Dalam sesi demonstrasi, Charles memperagakan pengolahan bahan pangan lokal menjadi sajian modern, salah satunya “Sushi Keladi”. Keladi tumbuk digunakan sebagai pengganti nasi yang disebut memiliki indeks glikemik lebih rendah, sementara daun gedi dimanfaatkan sebagai pengganti nori. Isian menggunakan sayur lilin, alpukat, dan aneka ikan sebagai sumber protein, lemak sehat, serta serat.
Pelatihan ini ditujukan untuk membekali kader posyandu agar dapat meneruskan pengetahuan tersebut kepada masyarakat, khususnya dalam mendukung program Pemberian Makanan Tambahan (PMT) bagi anak sekolah usia 5–9 tahun, remaja, dan lansia.

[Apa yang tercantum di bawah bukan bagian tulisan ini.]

lemma swap_preserves_equiv_with_even_classes:
  assumes "equiv UNIV E" and "finite A" and "card A \<le> 4"
    and "\<And>z. z \<in> A \<Longrightarrow> \<tau> z \<in> A" and "\<And>z. z \<in> A \<Longrightarrow> \<tau> z \<noteq> z"
    and "\<And>z. z \<in> A \<Longrightarrow> \<tau> (\<tau> z) = z"
    and "\<And>z. z \<in> A \<Longrightarrow> even (card {w \<in> A. (z, w) \<in> E})"
    and "x \<in> A" and "y \<in> A" and "(x, y) \<in> E"
  shows "(\<tau> x, \<tau> y) \<in> E"
proof -
  have refl: "(a, a) \<in> E" and sym: "(a, b) \<in> E \<Longrightarrow> (b, a) \<in> E"
    and trans: "(a, b) \<in> E \<Longrightarrow> (b, c) \<in> E \<Longrightarrow> (a, c) \<in> E"
    for a b c using assms(1) unfolding equiv_def refl_on_def sym_def trans_def by blast+
  consider "y = x" | "y = \<tau> x" | "distinct [x, y, \<tau> x, \<tau> y]"
  proof -
    have "\<tau> (\<tau> x) = x" "\<tau> (\<tau> y) = y" "\<tau> x \<noteq> x" "\<tau> y \<noteq> y" using assms(4-6,8,9) by auto
    then show ?thesis using that by (metis distinct_length_2_or_more distinct_singleton)
  qed
  then show ?thesis
  proof cases
    case 1
    then show ?thesis using refl by simp
  next
    case 2
    then show ?thesis using assms(6,8,10) sym by auto
  next
    case 3
    have "{x, y, \<tau> x, \<tau> y} \<subseteq> A" using assms(4-6,8,9) by auto
    moreover have "card {x, y, \<tau> x, \<tau> y} = 4" using 3 by simp
    ultimately have A: "A = {x, y, \<tau> x, \<tau> y}" using assms(2,3) by (metis card_seteq)
    have "even (card {w \<in> A. (x, w) \<in> E})" "even (card {w \<in> A. (\<tau> x, w) \<in> E})"
      using assms(4,7,8) by blast+
    then have "even (of_bool ((x, x) \<in> E) + of_bool ((x, y) \<in> E) + of_bool ((x, \<tau> x) \<in> E) +
        of_bool ((x, \<tau> y) \<in> E) :: nat)"
      and "even (of_bool ((\<tau> x, x) \<in> E) + of_bool ((\<tau> x, y) \<in> E) + of_bool ((\<tau> x, \<tau> x) \<in> E) +
        of_bool ((\<tau> x, \<tau> y) \<in> E) :: nat)"
      unfolding A card_filter_four[OF 3] .
    then have parity_x: "(x, \<tau> x) \<in> E \<longleftrightarrow> (x, \<tau> y) \<in> E"
      and parity_\<tau>x: "(\<tau> x, x) \<in> E \<or> (\<tau> x, y) \<in> E \<or> (\<tau> x, \<tau> y) \<in> E"
      using refl[of x] refl[of "\<tau> x"] assms(10) by (auto simp: of_bool_def split: if_splits)
    show ?thesis
    proof (cases "(x, \<tau> x) \<in> E")
      case True
      then show ?thesis using parity_x sym trans by blast
    next
      case False
      then show ?thesis using parity_\<tau>x assms(10) sym trans by blast
    qed
  qed
qed

section \<open>Resolutions of a perfect matching graph\<close>

definition link_pairs :: "'a \<Rightarrow> 'a \<Rightarrow> 'a \<Rightarrow> 'a \<Rightarrow> ('a \<times> 'a) set" where
  "link_pairs a a' c c' = {(a, c), (c, a), (a', c'), (c', a')}"

lemma link_pairs_swap: "link_pairs a a' c c' = link_pairs a' a c' c"
  unfolding link_pairs_def by auto

lemma image_map_prod_link_pairs:
  "map_prod f f ` link_pairs a a' c c' = link_pairs (f a) (f a') (f c) (f c')"
  unfolding link_pairs_def by auto

definition res_pairs :: "('a \<Rightarrow> 'a) \<Rightarrow> ('a \<Rightarrow> 'a) \<Rightarrow> 'a list \<Rightarrow> nat \<Rightarrow> bool \<Rightarrow> ('a \<times> 'a) set" where
  "res_pairs \<alpha> \<sigma> ms i b = {(x, y). \<exists>h \<in> {ms ! i, \<alpha> (ms ! i)}.
     (x = \<sigma> h \<and> y = (if b then \<sigma> (\<alpha> h) else \<sigma> (\<sigma> (\<alpha> h)))) \<or>
     (x = \<sigma> (\<sigma> h) \<and> y = (if b then \<sigma> (\<sigma> (\<alpha> h)) else \<sigma> (\<alpha> h)))}"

Kader Posyandu Cenderawasih, Heni Purwati, mengaku selama ini pihaknya kerap mengalami kesulitan mengolah ikan karena bau amis yang kurang diminati anak-anak. Ia menilai teknik yang diperoleh dalam pelatihan membantu meningkatkan kualitas olahan.
“Selama ini kita sering kesulitan mengolah ikan karena bau amisnya masih terasa. Dalam demo tadi, kami belajar teknik yang membuat olahan tidak amis dan anak-anak lebih menyukainya,” ujarnya.
IT Manager Jayapura, James W. Muabuay, menjelaskan bahwa program tersebut tidak hanya berfokus pada pelatihan memasak, tetapi juga mendorong pelestarian budaya kuliner Papua melalui inovasi pangan lokal.
“Kehadiran Papua Jungle Chef diharapkan dapat menginspirasi ibu-ibu dan kader posyandu untuk lebih kreatif mengolah pangan lokal. Kami meyakini pemenuhan gizi berkualitas menjadi fondasi penting dalam membangun generasi Jayapura yang sehat dan unggul,” katanya.
Melalui Program Posyandu Berdaya Imbi, Pertamina Patra Niaga berharap dapat berkontribusi dalam upaya penurunan angka stunting serta peningkatan derajat kesehatan masyarakat di Kelurahan Imbi.